Chapter 94: RL in Recommender Systems

Learning objectives

Build a toy recommender: 100 items, a user model with changing preferences (e.g. latent state that drifts or has context-dependent taste).
Define state (e.g. user history, current context), action (which item to show), and reward (e.g. click, watch time, or engagement score).
Train an agent with a policy gradient method (e.g. REINFORCE or PPO) to maximize long-term engagement (e.g. cumulative clicks or cumulative reward over a session).
Compare with a baseline (e.g. random or greedy to current preference) and report engagement over episodes.
Relate the formulation to the recommendation anchor (state = user context, action = item, return = long-term satisfaction).

Concept and real-world RL

RL in recommender systems treats recommendation as a sequential decision problem: at each step we observe state (user history, context) and choose an action (which item to show); we get a reward (click, watch time, purchase) and the user state may change. The goal is to maximize long-term engagement (discounted sum of rewards), not just immediate reward. A toy setting might have 100 items, a user with a latent preference that can drift or depend on context, and a simple reward (e.g. 1 if click, 0 otherwise). In recommendation, this connects to bandits and MDPs; policy gradient methods can optimize for delayed effects (e.g. diversity, exploration).

Where you see this in practice: RL for recommendation (YouTube, etc.); bandits and MDPs for sequential recommendation; long-term engagement optimization.

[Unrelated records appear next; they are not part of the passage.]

lemma sum_grid_slab_by_lines:
  assumes "S \<subseteq> {k j..l j}"
  shows "(\<Sum>x\<in>{x \<in> grid_closure a b h. \<exists>t\<in>S. x$j = h$j * of_int t}. f x)
           = (\<Sum>y\<in>{y \<in> grid_closure a b h. y$j = a$j}. \<Sum>t\<in>S. f (grid_line h j y t))"
proof -
  let ?Y = "{y \<in> grid_closure a b h. y$j = a$j}"
  let ?line = "\<lambda>(y, t). grid_line h j y t"
  have "?line ` (?Y \<times> S) = {x \<in> grid_closure a b h. \<exists>t\<in>S. x$j = h$j * of_int t}"
  proof (intro equalityI subsetI)
    fix x assume "x \<in> ?line ` (?Y \<times> S)"
    then show "x \<in> {x \<in> grid_closure a b h. \<exists>t\<in>S. x$j = h$j * of_int t}"
      using assms grid_line_in_closure by auto
  next
    fix x assume "x \<in> {x \<in> grid_closure a b h. \<exists>t\<in>S. x$j = h$j * of_int t}"
    then obtain t where x: "x \<in> grid_closure a b h" "t \<in> S" "x$j = h$j * of_int t" by auto
    have "grid_line h j x (k j) \<in> ?Y"
      using grid_line_in_closure[OF x(1)] index_gap[of j] by (simp add: lower_eq mult.commute)
    moreover have "x = ?line (grid_line h j x (k j), t)" using grid_line_self[OF x(3)] by simp
    ultimately show "x \<in> ?line ` (?Y \<times> S)" using x(2) by blast
  qed
  moreover have "inj_on ?line (?Y \<times> S)"
    using mesh_pos[of j] by (intro inj_on_subset[OF inj_on_grid_line[of h j a]]) auto
  ultimately have "bij_betw ?line (?Y \<times> S) {x \<in> grid_closure a b h. \<exists>t\<in>S. x$j = h$j * of_int t}"
    by (simp add: bij_betw_def)
  then show ?thesis
    by (simp add: sum.reindex_bij_betw[symmetric] sum.cartesian_product case_prod_unfold)
qed

lemma hardy_on_grid_line:
  assumes u0: "\<forall>x\<in>grid_boundary a b h. u x = 0" and y: "y \<in> grid_closure a b h"
  shows "(\<Sum>t\<in>{k j<..<l j}. (u (grid_line h j y t))\<^sup>2
             / (min (grid_line h j y t $ j - a$j) (b$j - grid_line h j y t $ j))\<^sup>2)
           \<le> 4 * (\<Sum>t\<in>{k j..<l j}. (fwd_diff h j u (grid_line h j y t))\<^sup>2)"
proof -
  define c where "c = h$j"
  define v where "v t = u (grid_line h j y t)" for t
  have c: "0 < c" using mesh_pos unfolding c_def by simp
  have "grid_line h j y t \<in> grid_boundary a b h" if "t = k j \<or> t = l j" for t
    using that grid_line_in_closure[OF y] index_gap[of j] lower_lt_upper
    by (auto simp: mem_grid_boundary_iff lower_eq upper_eq mult.commute)
  then have ends: "v (k j) = 0" "v (l j) = 0" using u0 by (auto simp: v_def)
  have "min (grid_line h j y t $ j - a$j) (b$j - grid_line h j y t $ j)
          = c * of_int (min (t - k j) (l j - t))" for t
  proof -
    have "grid_line h j y t $ j - a$j = c * of_int (t - k j)" "b$j - grid_line h j y t $ j = c * of_int (l j - t)"
      by (simp_all add: c_def lower_eq upper_eq algebra_simps)
    then show ?thesis
      using min_mult_distrib_left[of c "of_int (t - k j)" "of_int (l j - t)"] c
      by (simp del: of_int_diff add: of_int_min)
  qed
  then have "(\<Sum>t\<in>{k j<..<l j}. (u (grid_line h j y t))\<^sup>2
               / (min (grid_line h j y t $ j - a$j) (b$j - grid_line h j y t $ j))\<^sup>2)
           = (\<Sum>t\<in>{k j<..<l j}. (v t)\<^sup>2 / (of_int (min (t - k j) (l j - t)))\<^sup>2) / c\<^sup>2"
    by (simp add: v_def sum_divide_distrib power_mult_distrib mult.commute)
  also have "\<dots> \<le> 4 * (\<Sum>t\<in>{k j..<l j}. (v (t + 1) - v t)\<^sup>2) / c\<^sup>2"
    using discrete_hardy_interval[OF ends] index_gap[of j] by (simp add: divide_right_mono)
  also have "\<dots> = 4 * (\<Sum>t\<in>{k j..<l j}. (fwd_diff h j u (grid_line h j y t))\<^sup>2)"
    by (simp add: fwd_diff_def grid_line_step v_def c_def power_divide sum_divide_distrib[symmetric])
  finally show ?thesis .
qed

lemma grid_interior_subset_slab:
  "grid_interior a b h \<subseteq> {x \<in> grid_closure a b h. \<exists>t\<in>{k j<..<l j}. x$j = h$j * of_int t}"
proof
  fix x assume x: "x \<in> grid_interior a b h"
  then have cl: "x \<in> grid_closure a b h"
    by (auto simp: mem_grid_interior_iff mem_grid_closure_iff less_imp_le)
  obtain z where z: "x$j = h$j * of_int z" "k j \<le> z" "z \<le> l j" by (rule grid_closure_index[OF cl])
  have "a$j < x$j" "x$j < b$j" using x by (auto simp: mem_grid_interior_iff)
  moreover have "x$j = of_int z * h$j" using z(1) by (simp add: mult.commute)
  ultimately have "z \<noteq> k j" "z \<noteq> l j" by (auto simp: lower_eq upper_eq)
  with cl z show "x \<in> {x \<in> grid_closure a b h. \<exists>t\<in>{k j<..<l j}. x$j = h$j * of_int t}" by auto
qed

Illustration (recommender engagement): An RL agent maximizes long-term clicks; cumulative reward per episode (e.g. 20 steps) improves as the policy learns user preferences. The chart below shows reward per episode.

Exercise: Build a toy recommender with 100 items and a user model that has changing preferences. Train an agent to maximize long-term user engagement (e.g., cumulative clicks). Use a policy gradient method.

Professor’s hints

User model: e.g. latent vector u_t that drifts: u_{t+1} = 0.9u_t + 0.1noise, or u depends on last K items (context). Probability of click for item i: P(click | u, i) = σ(u^T v_i) where v_i is item embedding. So “changing preferences” = u changes over time.
State: Last L recommended items and outcomes (clicks), or summary; or the agent does not see u (partial obs) and only sees history. Action = which of 100 items to show. Reward = 1 if click, 0 else (or watch time).
Policy: Output distribution over 100 items (or over a subset for efficiency). Use REINFORCE or PPO; episode = one user session (e.g. T = 20 steps). Return = sum of rewards in the session.
Baseline: Random recommendation, or greedy (recommend item with highest estimated P(click) under current user model if you have access). Compare cumulative reward per episode.

Common pitfalls

Partial observability: The agent may not see the user’s true preference u; state is then history only. The policy must learn to infer or explore.
Cold start: With 100 items and little data, many items get few clicks; use exploration (e.g. entropy bonus, or prior over items).
Reward design: Click is a simple reward; in practice, long-term satisfaction may require diversity or novelty. You can add a small bonus for recommending less-seen items.

Worked solution (warm-up: recommender as RL)

Key idea: Recommendation can be framed as RL: state = user context (history, profile), action = which item(s) to show, reward = click, watch time, or purchase. We want to maximize long-term engagement (return). Bandits are the single-step case; full RL handles delayed feedback (e.g. user returns later). We need a simulator or logged data (offline/batch RL) and a reward proxy (e.g. click) that correlates with true satisfaction.

Extra practice

Warm-up: Why might we want to maximize long-term engagement instead of only the next click?
Coding: Implement the toy recommender: 100 items, user u_t with drift, P(click)=σ(u^T v_i). State = last 5 (item, click) pairs. Policy = MLP that outputs logits over 100 items. Train with REINFORCE for 1000 episodes (each episode = 20 steps). Plot cumulative reward per episode. Compare with random and greedy (argmax P(click) if u were known).
Challenge: Add diversity reward: small bonus for recommending items that are different from recently recommended (e.g. negative similarity to last K items). Does the policy learn to diversify and does long-term reward improve?
Variant: Add a user fatigue model: P(click) decreases by 10% for each consecutive recommendation from the same category. Does the RL policy adapt to avoid fatigue (explore across categories) compared to the greedy baseline?
Debug: The recommender RL agent learns to show the same popular item repeatedly because it has the highest P(click) and the episode is short. The reward is purely click-based with no penalty for repetition. Implement an explicit repetition penalty and describe why short-horizon greedy recommendation is harmful for long-term user satisfaction.
Conceptual: Maximizing engagement metrics (clicks, watch time) can lead to “filter bubbles” and user polarization. Explain why RL-based recommendation systems are particularly susceptible to this failure mode compared to supervised collaborative filtering, and describe one constraint or objective modification that partially addresses it.